Once it had a name, it stopped being software. It became a thinking partner. I stopped issuing commands and started having conversations. The questions improved. The answers got used. It became part of how work gets done, not a novelty or a shortcut.
That’s the shift restoration owners need to understand.
When you name your AI, something else happens. You stop using it for surface-level tasks. It’s no longer just a better way to write an estimate or a faster version of a Google search. You start using it to think, to challenge your assumptions, and to work through decisions before you make them. That is where AI starts to matter. And that shift is now happening across the restoration industry, not just in my office.
Our clients span generations—from Gen X and Boomer owners who built their companies from the ground up to Millennials who grew up with technology as a daily tool. What is interesting is that many of them, regardless of age, were using estimating and job-costing software long before AI arrived. That experience quietly built their trust in technology to run core business functions. For some, the leap to AI felt natural. For others it took a nudge from a peer, a family member, or a vendor. Either way, the leap turned out to be shorter than they expected.

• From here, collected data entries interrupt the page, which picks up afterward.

(* Let $\mathcal{M}=(M_\sigma)$ be a linkage $(n,d)$-tope field of type $v=(v_1,\dots,v_d)$ and thickness $k<n$, let $\tau\subseteq L$ be a $(k+1)$-subset and let $C$ be the linkage covector on $\tau\sqcup R$. Then for each $r_i\in R$ there are exactly $v_i+1$ nodes adjacent to $r_i$ in $C$. Furthermore, for each $\ell_j\in\tau$, $C$ contains the tope $M_{\tau\setminus\{\ell_j\}}$ of the tope field, and it is the unique subgraph of $C$ which is a tope with right degree vector $v$ in which $\ell_j$ is isolated (i.e. with left degree vector $\mathbf{1}_{\tau\setminus\{\ell_j\}}$).
   Context: $L=\{\ell_1,\dots,\ell_n\}$, $R=\{r_1,\dots,r_d\}$; graphs are bipartite on $L\sqcup R$, identified with edge sets. For $v\in\mathbb{Z}_{>0}^d$ with $k=\sum v_i\le n$ and a $k$-subset $\sigma\subseteq L$, a tope of type $v$ on $\sigma$ is a graph whose left degree vector is the indicator vector $\mathbf{1}_\sigma$ and whose right degree vector is $v$. An $(n,d)$-tope field of type $v$ (thickness $k$) is a family $(M_\sigma)$ with one tope $M_\sigma$ of type $v$ on $\sigma$ for each $k$-subset $\sigma\subseteq L$. It is linkage if for every $(k+1)$-subset $\tau\subseteq L$, the union $C_\tau$ of the topes $M_\sigma$, $\sigma\subset\tau$, is a tree on the node set $\tau\sqcup R$; $C_\tau$ is called the linkage covector on $\tau$. *)

theory Defs
  imports Main
begin

text \<open>Conventions: left nodes l_j are indexed by j in {0..<n}, right nodes r_i by
  i in {0..<d}. A bipartite graph on L + R is identified with its edge set,
  a set of pairs (j, i) meaning the edge l_j -- r_i. As abstract vertices we use
  Inl j for l_j and Inr i for r_i.\<close>

type_synonym bgraph = "(nat \<times> nat) set"

definition ldeg :: "bgraph \<Rightarrow> nat \<Rightarrow> nat" where
  "ldeg G j = card {i. (j, i) \<in> G}"

definition rdeg :: "bgraph \<Rightarrow> nat \<Rightarrow> nat" where
  "rdeg G i = card {j. (j, i) \<in> G}"

definition is_bgraph :: "nat \<Rightarrow> nat \<Rightarrow> bgraph \<Rightarrow> bool" where
  "is_bgraph n d G \<longleftrightarrow> G \<subseteq> {0..<n} \<times> {0..<d}"

definition is_tope :: "nat \<Rightarrow> nat \<Rightarrow> (nat \<Rightarrow> nat) \<Rightarrow> nat set \<Rightarrow> bgraph \<Rightarrow> bool" where
  "is_tope n d v \<sigma> G \<longleftrightarrow> is_bgraph n d G
     \<and> (\<forall>j<n. ldeg G j = (if j \<in> \<sigma> then 1 else 0))
     \<and> (\<forall>i<d. rdeg G i = v i)"
lemma central_angle_sq_less: "g \<ge> 2 \<Longrightarrow> (central_angle g)\<^sup>2 < 1 / 3"
proof -
  assume g: "g \<ge> 2"
  have "pi < 3.18" using pi_approx(2) by simp
  then have "central_angle g < 0.53" using central_angle_le[OF g] by linarith
  then have "(central_angle g)\<^sup>2 < 0.53\<^sup>2"
    using central_angle_pos[OF g] by (intro power_strict_mono) auto
  also have "(0.53::real)\<^sup>2 < 1 / 3" by (simp add: power2_eq_square)
  finally show ?thesis .
qed

lemma ch_eq: "ch g = 1 / (sqrt 2 * sin (central_angle g / 2))"
  unfolding ch_def central_angle_def by simp

lemma ch_gt_1: "g \<ge> 2 \<Longrightarrow> 1 < ch g"
proof -
  assume g: "g \<ge> 2"
  have "0 < central_angle g / 2" "central_angle g / 2 < pi / 4"
    using central_angle_pos[OF g] central_angle_le[OF g] by auto
  then have s: "0 < sin (central_angle g / 2)" "sin (central_angle g / 2) < sqrt 2 / 2"
    using pi_gt3 by (auto intro!: sin_gt_zero simp add: sin_mono_less_eq simp flip: sin_45)
  have "sqrt 2 * sin (central_angle g / 2) < sqrt 2 * (sqrt 2 / 2)"
    using s(2) by (intro mult_strict_left_mono) auto
  then show ?thesis unfolding ch_eq using s(1) by (simp add: field_simps)
qed

lemma ch_sq_ge: "g \<ge> 2 \<Longrightarrow> 2 / (central_angle g)\<^sup>2 \<le> (ch g)\<^sup>2"
proof -
  assume g: "g \<ge> 2"
  define d where "d = central_angle g"
  have d: "0 < d" "d \<le> pi / 6" unfolding d_def using central_angle_pos[OF g] central_angle_le[OF g] by auto
  have s: "0 < sin (d / 2)" using d pi_gt3 by (intro sin_gt_zero) auto
  moreover have "sin (d / 2) \<le> d / 2" using d by (intro sin_x_le_x) auto
  ultimately have "(sin (d / 2))\<^sup>2 \<le> (d / 2)\<^sup>2" by (intro power_mono) auto
  then have le: "2 * (sin (d / 2))\<^sup>2 \<le> d\<^sup>2 / 2" by (simp add: power_divide)
  have "2 / d\<^sup>2 = 1 / (d\<^sup>2 / 2)" by simp
  also have "\<dots> \<le> 1 / (2 * (sin (d / 2))\<^sup>2)" using le s d by (intro divide_left_mono) auto
  also have "\<dots> = (ch g)\<^sup>2" unfolding ch_eq d_def by (simp add: power_mult_distrib power_divide)
  finally show ?thesis unfolding d_def .
qed

lemma sh_sq: "g \<ge> 2 \<Longrightarrow> (sh g)\<^sup>2 = (ch g)\<^sup>2 - 1"
  unfolding sh_def using ch_gt_1[of g] by (simp add: one_less_power less_imp_le)

lemma sh_pos: "g \<ge> 2 \<Longrightarrow> 0 < sh g"
  unfolding sh_def using ch_gt_1[of g] by (simp add: one_less_power)

lemma sh_less_ch: "g \<ge> 2 \<Longrightarrow> sh g < ch g"
  using sh_sq[of g] sh_pos[of g] ch_gt_1[of g] by (intro power_less_imp_less_base[of "sh g" 2]) auto

lemma tanh_height_bounds: "g \<ge> 2 \<Longrightarrow> 0 < sh g / ch g \<and> sh g / ch g < 1"
  using sh_pos[of g] sh_less_ch[of g] ch_gt_1[of g] by auto

lemma cos_beta: "g \<ge> 2 \<Longrightarrow> cos (beta g) = sh g / ch g"
  unfolding beta_def using tanh_height_bounds[of g] by (intro cos_arccos) auto

lemma sin_beta: "g \<ge> 2 \<Longrightarrow> sin (beta g) = 1 / ch g"
proof -
  assume g: "g \<ge> 2"
  have "sin (beta g) = sqrt (1 - (sh g / ch g)\<^sup>2)"
    unfolding beta_def using tanh_height_bounds[OF g] by (intro sin_arccos) auto
  also have "1 - (sh g / ch g)\<^sup>2 = (1 / ch g)\<^sup>2"
    using sh_sq[OF g] ch_gt_1[OF g] by (simp add: field_simps)
  finally show ?thesis using ch_gt_1[OF g] by simp
qed
(* Let $G=\{g_t\}_{t\in\mathbb R}$ be a one-parameter continuous subgroup of the affine group $\mathcal G$, and let $G\ni g_t\mapsto U_t$ be a strongly continuous unitary representation of $G$ in a Hilbert space $\mathcal H$. Assume that $A$ is a maximal dissipative operator in $\mathcal H$ which is $G$-invariant with respect to this representation. Then the strongly continuous unitary group $U_t$ and the strongly continuous semigroup of contractions $V_s=e^{iAs}$, $s\ge 0$, generated by $A$ satisfy the restricted generalized Weyl commutation relations $$U_tV_s=e^{isg_t(0)}V_{g_t'(0)s}U_t,\qquad t\in\mathbb R,\ s\ge 0,$$ where $g_t'(0)=\frac{d}{dx}g_t(x)\big|_{x=0}$. Conversely, if a strongly continuous unitary group $U_t$ (with $g_t\mapsto U_t$ a representation of $G$) and a strongly continuous semigroup of contractions $V_s=e^{iAs}$, $s\ge0$, satisfy these relations, then the generator $A$ of the semigroup $V_s$ is $G$-invariant with respect to the group $G=\{g_t\}_{t\in\mathbb R}$ and its unitary representation $g_t\mapsto U_t$.
   Context: $\mathcal G$ denotes the group (under composition) of affine maps $g(x)=ax+b$ of $\mathbb R$ with $a>0$, $b\in\mathbb R$. For an operator $A$ and $g(x)=ax+b$, $g(A)$ denotes $aA+bI$. Given a subgroup $G\subset\mathcal G$ and a unitary representation $G\ni g\mapsto U_g$ ($U_fU_g=U_{fg}$) on a separable Hilbert space, a densely defined closed operator $A$ is called $G$-invariant (with respect to this representation) if for all $g\in G$ one has $U_g(\mathrm{Dom}(A))=\mathrm{Dom}(A)$ and $U_gAU_g^*f=aAf+bf$ for all $f\in\mathrm{Dom}(A)$, where $g(x)=ax+b$. An operator $A$ is dissipative if $\operatorname{Im}(Af,f)\ge0$ for $f\in\mathrm{Dom}(A)$, and maximal dissipative if it has no proper dissipative extension. *)

theory Defs
  imports "HOL-Analysis.Analysis"
begin

text \<open>A complex Hilbert space is encoded as a real Hilbert space (type class
real_inner + complete_space) together with an orthogonal complex structure J
(multiplication by the imaginary unit).\<close>

definition cplx_structure :: "('h::real_inner \<Rightarrow> 'h) \<Rightarrow> bool" where
  "cplx_structure J \<longleftrightarrow> linear J \<and> (\<forall>x. J (J x) = - x) \<and> (\<forall>x y. inner (J x) (J y) = inner x y)"
lemma lp_bounded_coordinatewise_convergent_subseq:
  fixes x :: "nat \<Rightarrow> nat \<Rightarrow> real"
  assumes p: "p > 0" and x: "\<And>n. x n \<in> lp p" and B: "\<And>n. lp_psum p (x n) \<le> B"
  obtains r z where "strict_mono r" "z \<in> lp p" "\<And>i. (\<lambda>n. x (r n) i) \<longlonglongrightarrow> z i"
proof -
  have "\<bar>x n i\<bar> \<le> B powr (1/p)" for n i
  proof -
    have "\<bar>x n i\<bar> = (\<bar>x n i\<bar> powr p) powr (1/p)" using p by (simp add: powr_powr)
    also have "\<dots> \<le> B powr (1/p)"
      using order_trans[OF lp_psum_term_le[OF x] B] p by (intro powr_mono2) auto
    finally show ?thesis .
  qed
  then have "bounded (range (\<lambda>n. x n i))" for i by (auto simp: bounded_real)
  then obtain r where r: "strict_mono r" and cv: "\<And>i. convergent (\<lambda>n. x (r n) i)"
    using convergent_coordinates_subseq by blast
  define z where "z i = lim (\<lambda>n. x (r n) i)" for i
  have z: "(\<lambda>n. x (r n) i) \<longlonglongrightarrow> z i" for i
    using cv[of i] by (simp add: z_def convergent_LIMSEQ_iff)
  have "(\<Sum>i<N. \<bar>z i\<bar> powr p) \<le> B" for N
  proof (rule LIMSEQ_le_const2)
    show "(\<lambda>n. \<Sum>i<N. \<bar>x (r n) i\<bar> powr p) \<longlonglongrightarrow> (\<Sum>i<N. \<bar>z i\<bar> powr p)"
      using p by (intro tendsto_sum tendsto_powr' tendsto_rabs z tendsto_const) auto
    show "\<exists>N0. \<forall>n\<ge>N0. (\<Sum>i<N. \<bar>x (r n) i\<bar> powr p) \<le> B"
      using order_trans[OF lp_psum_partial_le[OF x] B] by blast
  qed
  then have "z \<in> lp p"
    unfolding lp_def by (auto intro!: summableI_nonneg_bounded)
  then show ?thesis using that r z by blast
qed

lemma gliding_hump_step:
  fixes G :: "nat \<Rightarrow> nat \<Rightarrow> real"
  assumes summable: "\<And>n. summable (G n)" and null: "\<And>i. (\<lambda>n. G n i) \<longlonglongrightarrow> 0" and \<epsilon>: "\<epsilon> > 0"
  shows "\<exists>k' b. k < k' \<and> a < b \<and> (\<Sum>i<a. G k' i) \<le> \<epsilon> \<and> (\<Sum>i. G k' (i + b)) \<le> \<epsilon>"
proof -
  have "(\<lambda>k. \<Sum>i<a. G k i) \<longlonglongrightarrow> (\<Sum>i<a. 0)"
    by (intro tendsto_sum null)
  then have "eventually (\<lambda>k. (\<Sum>i<a. G k i) < \<epsilon>) sequentially"
    using \<epsilon> by (intro order_tendstoD(2)) auto
  then obtain K where K: "\<And>k'. k' \<ge> K \<Longrightarrow> (\<Sum>i<a. G k' i) < \<epsilon>"
    by (auto simp: eventually_sequentially)
  define k' where "k' = max K (Suc k)"
  obtain M where M: "\<forall>b\<ge>M. norm (\<Sum>i. G k' (i + b)) < \<epsilon>"
    using suminf_exist_split[OF \<epsilon> summable] by blast
  have "k < k' \<and> a < max M (Suc a) \<and> (\<Sum>i<a. G k' i) \<le> \<epsilon> \<and> (\<Sum>i. G k' (i + max M (Suc a))) \<le> \<epsilon>"
    using K[of k'] M[rule_format, of "max M (Suc a)"] by (auto simp: k'_def less_max_iff_disj)
  then show ?thesis by blast
qed

lemma gliding_hump:
  fixes G :: "nat \<Rightarrow> nat \<Rightarrow> real" and \<epsilon> :: "nat \<Rightarrow> real"
  assumes summable: "\<And>n. summable (G n)" and null: "\<And>i. (\<lambda>n. G n i) \<longlonglongrightarrow> 0"
    and \<epsilon>: "\<And>n. \<epsilon> n > 0"
  obtains s m where "strict_mono s" "strict_mono m"
    "\<And>n. (\<Sum>i<m n. G (s n) i) \<le> \<epsilon> n" "\<And>n. (\<Sum>i. G (s n) (i + m (Suc n))) \<le> \<epsilon> n"
proof -
  \<comment> \<open>The triple \<open>(m n, s n, m (Suc n))\<close> is chosen recursively.\<close>
  define P where "P n x \<longleftrightarrow> fst x < snd (snd x) \<and> (\<Sum>i<fst x. G (fst (snd x)) i) \<le> \<epsilon> n
      \<and> (\<Sum>i. G (fst (snd x)) (i + snd (snd x))) \<le> \<epsilon> n" for n x
  have "\<exists>f. \<forall>n. P n (f n) \<and> fst (f (Suc n)) = snd (snd (f n)) \<and> fst (snd (f n)) < fst (snd (f (Suc n)))"
  proof (rule dependent_nat_choice)
    obtain k b where "0 < b" "(\<Sum>i. G k (i + b)) \<le> \<epsilon> 0"
      using gliding_hump_step[OF summable null \<epsilon>[of 0], where k=0 and a=0] by auto
    then show "\<exists>x. P 0 x" by (intro exI[of _ "(0, k, b)"]) (simp add: P_def less_imp_le[OF \<epsilon>])
    show "\<exists>y. P (Suc n) y \<and> fst y = snd (snd x) \<and> fst (snd x) < fst (snd y)" for x n
      using gliding_hump_step[OF summable null \<epsilon>[of "Suc n"], where a="snd (snd x)" and k="fst (snd x)"] by (auto simp: P_def)
  qed
  then obtain f where f: "\<And>n. P n (f n)" and f_Suc: "\<And>n. fst (f (Suc n)) = snd (snd (f n))"
    and f_mono: "\<And>n. fst (snd (f n)) < fst (snd (f (Suc n)))"
    by blast
  show ?thesis
  proof (rule that[of "\<lambda>n. fst (snd (f n))" "\<lambda>n. fst (f n)"])
    show "strict_mono (\<lambda>n. fst (snd (f n)))" by (intro strict_monoI_Suc f_mono)
    show "strict_mono (\<lambda>n. fst (f n))"
      using f by (intro strict_monoI_Suc) (simp add: P_def f_Suc)
  qed (use f in \<open>simp_all add: P_def f_Suc\<close>)
qed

What pushed them over the edge was not a white paper or a webinar. It was a conversation with someone who said, “You need to try this.” That is how most business owners make decisions—through trusted relationships, not top-down mandates. And once they started, the results showed up fast. Productivity gains from AI use are consistent across age groups and technical backgrounds. The barrier was never ability. It was engagement.
There is also a caution worth naming. Younger employees are using AI every day, often with real anxiety about becoming too dependent on it and losing their ability to think critically. That tension already exists inside many restoration companies. The risk is not that one generation will outperform another. The risk is allowing AI to be used informally and inconsistently without leadership direction.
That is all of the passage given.